**Exercise inputs:**
lemma irred_in_R_ring_mult_fps_unit:
  assumes K: "is_subfield K1" and r: "irred_in (R_ring K1 n) r" and h0: "h $ 0 \<noteq> 0"
  shows "irred_in (R_ring K1 n) (r * h)"
proof -
  let ?R = "R_ring K1 n"
  have rR: "r \<in> ?R" and "r \<noteq> 0" and "\<not> unit_in ?R r"
    using r unfolding irred_in_def by auto
  have z: "0 \<in> K1" using K unfolding is_subfield_def by auto
  have r0: "r $ 0 = 0" using nth_0_eq_0_if_not_unit_in_R_ring K rR \<open>\<not> unit_in ?R r\<close> .
  have "unit_in ?R a \<or> unit_in ?R b" if ab: "a \<in> ?R" "b \<in> ?R" "r * h = a * b" for a b
  proof (rule ccontr)
    assume "\<not> (unit_in ?R a \<or> unit_in ?R b)"
    then have a0: "a $ 0 = 0" and "\<not> unit_in ?R b"
      using nth_0_eq_0_if_not_unit_in_R_ring[OF K] ab by auto
    have "r = r * h * inverse h" using h0 by (simp add: mult.assoc inverse_mult_eq_1')
    also have "\<dots> = (a * inverse h) * b" using ab by (simp add: ac_simps)
    finally have "r = (a * inverse h) * b" .
    moreover have "a * inverse h \<in> ?R" using mult_in_R_ring_if_nth_0_eq_0[OF ab(1) a0 z] .
    moreover have "\<not> unit_in ?R (a * inverse h)"
      using unit_in_nth_0_neq_0[of ?R "a * inverse h"] a0 by auto
    ultimately show False using r ab(2) \<open>\<not> unit_in ?R b\<close> unfolding irred_in_def by blast
  qed
  moreover have "\<not> unit_in ?R (r * h)" using unit_in_nth_0_neq_0 r0 by fastforce
  ultimately show ?thesis
    using mult_in_R_ring_if_nth_0_eq_0[OF rR r0 z] \<open>r \<noteq> 0\<close> h0
    unfolding irred_in_def by auto
qed

lemma not_prime_in_R_ring:
  assumes K: "is_subfield K1" and "R_ring K1 n \<noteq> UNIV"
  shows "\<not> prime_in (R_ring K1 n) p"
proof
  let ?R = "R_ring K1 n"
  assume p: "prime_in ?R p"
  have z: "0 \<in> K1" using K unfolding is_subfield_def by auto
  obtain g where "g $ 0 \<noteq> 0" and g: "g \<notin> ?R"
    by (rule fps_unit_not_in_R_ring[OF z assms(2)])
  have pR: "p \<in> ?R" and "p \<noteq> 0" and "\<not> unit_in ?R p"
    using p unfolding prime_in_def by auto
  have p0: "p $ 0 = 0" using nth_0_eq_0_if_not_unit_in_R_ring K pR \<open>\<not> unit_in ?R p\<close> .
  note p_mult = mult_in_R_ring_if_nth_0_eq_0[OF pR p0 z]
  have "(p * g) * (p * g) = p * (p * (g * g))" by (simp add: ac_simps)
  then have "dvd_in ?R p ((p * g) * (p * g))"
    unfolding dvd_in_def using p_mult by blast
  then have "dvd_in ?R p (p * g)" using p p_mult unfolding prime_in_def by blast
  then obtain c where "c \<in> ?R" and "p * g = p * c" unfolding dvd_in_def by blast
  with \<open>p \<noteq> 0\<close> g show False by simp
qed

lemma not_abs_irred_in_R_ring:
  assumes K: "is_subfield K1" and "R_ring K1 n \<noteq> UNIV"
  shows "\<not> abs_irred_in (R_ring K1 n) r"
proof
  let ?R = "R_ring K1 n"
  assume r: "abs_irred_in ?R r"
  then have ri: "irred_in ?R r" unfolding abs_irred_in_def by auto
  have z: "0 \<in> K1" using K unfolding is_subfield_def by auto
  obtain g where g0: "g $ 0 \<noteq> 0" and g: "g \<notin> ?R"
    by (rule fps_unit_not_in_R_ring[OF z assms(2)])
  let ?xs = "[r * g, r * inverse g]"
  have "prod_list ?xs = r ^ 2"
    using g0 by (simp add: power2_eq_square ac_simps inverse_mult_eq_1')
  moreover have "\<forall>x\<in>set ?xs. irred_in ?R x"
    using irred_in_R_ring_mult_fps_unit[OF K ri] g0 by simp
  ultimately have "\<forall>x\<in>set ?xs. assoc_in ?R r x"
    using r unfolding abs_irred_in_def by blast
  then have "assoc_in ?R r (r * g)" by simp
  then obtain u where u: "unit_in ?R u" and "r * g = u * r" unfolding assoc_in_def by blast
  moreover have "r \<noteq> 0" using ri unfolding irred_in_def by auto
  ultimately have "g = u" by (simp add: mult.commute)
  with u g show False unfolding unit_in_def by auto
qed

lemma R_ring_UNIV_1: "R_ring UNIV 1 = UNIV"
  unfolding R_ring_def by auto

lemma unit_in_fps_iff: "unit_in (UNIV :: 'a::field fps set) f \<longleftrightarrow> f $ 0 \<noteq> 0"
proof -
  have "is_subfield (UNIV :: 'a set)" unfolding is_subfield_def by auto
  from unit_in_R_ring_iff[OF this, of 1 f] show ?thesis by (metis R_ring_UNIV_1 UNIV_I)
qed

lemma subdegree_eq_1_if_irred_in_fps:
  assumes "irred_in (UNIV :: 'a::field fps set) x"
  shows "subdegree x = 1"
proof -
  have "x \<noteq> 0" and "x $ 0 = 0"
    using assms unit_in_fps_iff unfolding irred_in_def by auto
  then have "subdegree x \<noteq> 0" by (simp add: subdegree_eq_0_iff)
  then have ge: "subdegree x \<ge> 1" by simp
  show ?thesis
  proof (rule ccontr)
    assume "subdegree x \<noteq> 1"
    then have "x $ 1 = 0" using ge by (intro nth_less_subdegree_zero) simp
    then have "\<not> unit_in UNIV (fps_shift 1 x)" by (simp add: unit_in_fps_iff)
    moreover have "\<not> unit_in UNIV (fps_X :: 'a fps)" by (simp add: unit_in_fps_iff)
    moreover have "x = fps_shift 1 x * fps_X" by (rule fps_shift_times_fps_X[OF ge, symmetric])
    ultimately show False using assms unfolding irred_in_def by blast
  qed
qed

lemma fps_X_abs_irred_in: "abs_irred_in (UNIV :: 'a::field fps set) fps_X"
proof -
  let ?U = "UNIV :: 'a fps set"
  have "unit_in ?U a \<or> unit_in ?U b" if "fps_X = a * b" for a b :: "'a fps"
  proof (rule ccontr)
    assume "\<not> ?thesis"
    then have "a $ 0 = 0" and "b $ 0 = 0" by (simp_all add: unit_in_fps_iff)
    then have "(a * b) $ 1 = 0" by (simp add: fps_mult_nth_1)
    with that show False by simp
  qed
  then have irred_X: "irred_in ?U fps_X"
    unfolding irred_in_def by (simp add: unit_in_fps_iff)
  have subdegree_prod: "subdegree (prod_list xs) = length xs"
    if "\<forall>x\<in>set xs. irred_in ?U x" for xs :: "'a fps list"
    using that
  proof (induction xs)
    case (Cons a xs)
    then have "subdegree a = 1" and "a \<noteq> 0" and "prod_list xs \<noteq> 0"
      using subdegree_eq_1_if_irred_in_fps unfolding irred_in_def
      by (auto simp: prod_list_zero_iff)
    with Cons show ?case by simp
  qed simp
  have assoc_X: "assoc_in ?U fps_X x" if "irred_in ?U x" for x :: "'a fps"
  proof -
    have sd: "subdegree x = 1" and "x \<noteq> 0"
      using that subdegree_eq_1_if_irred_in_fps unfolding irred_in_def by auto
    then have "fps_shift 1 x $ 0 \<noteq> 0" using nth_subdegree_nonzero[of x] by simp
    moreover have "x = fps_shift 1 x * fps_X"
      using sd by (intro fps_shift_times_fps_X[symmetric]) simp
    ultimately show ?thesis unfolding assoc_in_def unit_in_fps_iff by blast
  qed
  have "length xs = k \<and> (\<forall>x\<in>set xs. assoc_in ?U fps_X x)"
    if "\<forall>x\<in>set xs. irred_in ?U x" and "prod_list xs = fps_X ^ k" for k and xs :: "'a fps list"
    using that subdegree_prod[OF that(1)] assoc_X by simp
  then show ?thesis unfolding abs_irred_in_def using irred_X by blast
qed
(* Let $d\ge1$ and $\beta>0$. There exist constants $0<c_0<C_0$, $h_0>0$ and $A>0$ such that for every sample size $n$ there are two probability densities $f_1,f_2$ on $\mathbb{R}^d$, each with compact support and a unique global mode (denote the modes by $x_1$ and $x_2$), each satisfying, with $x_0$ its mode, $$f(x_0)-C_0\|x-x_0\|^\beta \le f(x)\le f(x_0)-c_0\|x-x_0\|^\beta \quad\text{whenever } \|x-x_0\|\le h_0,$$ $$f(x)\le f(x_0)-c_0h_0^\beta \quad\text{whenever } \|x-x_0\|\ge h_0,$$ whose modes satisfy $\|x_1-x_2\|\ge n^{-1/(d+2\beta)}/A$, and which cannot be distinguished based on an i.i.d. sample of size $n$ with probability of error smaller than $1/5$: for every test $\psi$ that is a measurable function of $X_1,\dots,X_n$ with values in $\{1,2\}$, $\max_{j\in\{1,2\}} P_{f_j}^{\otimes n}(\psi\ne j)\ge 1/5$.
   Context: $\|x\|=\max_i|x_i|$ denotes the sup-norm on $\mathbb{R}^d$. $P_{f}^{\otimes n}$ denotes the law of an i.i.d. sample $X_1,\dots,X_n$ from density $f$. *)

theory Defs
  imports "HOL-Probability.Probability"
begin

text \<open>Sup-norm on R^d, with R^d rendered as real^'n (d = CARD('n)).\<close>
definition sup_norm :: "real^'n \<Rightarrow> real" where
  "sup_norm x = Max (range (\<lambda>i. \<bar>x $ i\<bar>))"

definition prob_density :: "(real^'n \<Rightarrow> real) \<Rightarrow> bool" where
  "prob_density f \<longleftrightarrow> f \<in> borel_measurable lborel \<and> (\<forall>x. 0 \<le> f x)
     \<and> (\<integral>\<^sup>+ x. ennreal (f x) \<partial>lborel) = 1"

definition compact_support :: "(real^'n \<Rightarrow> real) \<Rightarrow> bool" where
  "compact_support f \<longleftrightarrow> compact (closure {x. f x \<noteq> 0})"

definition unique_mode :: "(real^'n \<Rightarrow> real) \<Rightarrow> real^'n \<Rightarrow> bool" where
  "unique_mode f x0 \<longleftrightarrow> (\<forall>x. x \<noteq> x0 \<longrightarrow> f x < f x0)"

definition mode_regular ::
  "real \<Rightarrow> real \<Rightarrow> real \<Rightarrow> real \<Rightarrow> (real^'n \<Rightarrow> real) \<Rightarrow> real^'n \<Rightarrow> bool" where
  "mode_regular c0 C0 h0 \<beta> f x0 \<longleftrightarrow>
     (\<forall>x. sup_norm (x - x0) \<le> h0 \<longrightarrow>
          f x0 - C0 * sup_norm (x - x0) powr \<beta> \<le> f x \<and>
          f x \<le> f x0 - c0 * sup_norm (x - x0) powr \<beta>) \<and>
     (\<forall>x. sup_norm (x - x0) \<ge> h0 \<longrightarrow> f x \<le> f x0 - c0 * h0 powr \<beta>)"

definition sample_law :: "(real^'n \<Rightarrow> real) \<Rightarrow> nat \<Rightarrow> (nat \<Rightarrow> real^'n) measure" where
  "sample_law f n = PiM {..<n} (\<lambda>_. density lborel (\<lambda>x. ennreal (f x)))"

end

theory Submission
  imports Defs
begin

text \<open>The cusp \<open>g x = max 0 (1 - infnorm x powr \<beta>)\<close> has its mode at \<open>0\<close>. Taking the
  maximum with the steeper cusp \<open>1 + \<delta> powr \<beta> - K * infnorm (x - \<delta> *\<^sub>R One) powr \<beta>\<close>,
  where \<open>K = 1 + 2 powr \<beta>\<close>, moves the mode to distance \<open>\<delta>\<close> but changes \<open>g\<close> only by
  \<open>O(\<delta> powr \<beta>)\<close> on a cube of side \<open>2 * \<delta>\<close> on which \<open>g \<ge> 1/2\<close>. So in dimension \<open>d\<close>
  the chi-square divergence between the two normalized densities is \<open>O(\<delta> powr (d + 2 * \<beta>))\<close>,
  and for \<open>\<delta> = n powr (-1 / (d + 2 * \<beta>)) / A\<close> the likelihood ratio of \<open>n\<close> samples has
  second moment at most \<open>8/7\<close>. Le Cam's two-point argument then bounds the worse of the two
  error probabilities of any test from below.\<close>

section \<open>The sup norm and cubes\<close>

lemma sup_norm_eq_infnorm: "sup_norm = (infnorm :: real^'n \<Rightarrow> real)"
proof
  fix x :: "real^'n"
  have "{\<bar>x $ i\<bar> |i. i \<in> UNIV} = range (\<lambda>i. \<bar>x $ i\<bar>)" by auto
  then show "sup_norm x = infnorm x"
    unfolding sup_norm_def infnorm_cart by (simp add: cSup_eq_Max)
qed

lemma borel_measurable_infnorm [measurable]:
  "(infnorm :: 'a::euclidean_space \<Rightarrow> real) \<in> borel_measurable borel"
  by (intro borel_measurable_continuous_onI continuous_on_infnorm continuous_on_id)

lemma inner_One_Basis: "b \<in> Basis \<Longrightarrow> One \<bullet> b = (1::real)"
  by (simp add: inner_sum_left inner_Basis if_distrib cong: if_cong)

lemma infnorm_scaleR_One: "0 \<le> r \<Longrightarrow> infnorm (r *\<^sub>R (One :: 'a::euclidean_space)) = r"
  by (simp add: infnorm_mul infnorm_Max inner_One_Basis image_constant_conv)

**Task:**
Show each line from the listing above that includes the word "test".

**Reply to the exercise:**
(* Let $d\ge1$ and $\beta>0$. There exist constants $0<c_0<C_0$, $h_0>0$ and $A>0$ such that for every sample size $n$ there are two probability densities $f_1,f_2$ on $\mathbb{R}^d$, each with compact support and a unique global mode (denote the modes by $x_1$ and $x_2$), each satisfying, with $x_0$ its mode, $$f(x_0)-C_0\|x-x_0\|^\beta \le f(x)\le f(x_0)-c_0\|x-x_0\|^\beta \quad\text{whenever } \|x-x_0\|\le h_0,$$ $$f(x)\le f(x_0)-c_0h_0^\beta \quad\text{whenever } \|x-x_0\|\ge h_0,$$ whose modes satisfy $\|x_1-x_2\|\ge n^{-1/(d+2\beta)}/A$, and which cannot be distinguished based on an i.i.d. sample of size $n$ with probability of error smaller than $1/5$: for every test $\psi$ that is a measurable function of $X_1,\dots,X_n$ with values in $\{1,2\}$, $\max_{j\in\{1,2\}} P_{f_j}^{\otimes n}(\psi\ne j)\ge 1/5$.
  error probabilities of any test from below.\<close>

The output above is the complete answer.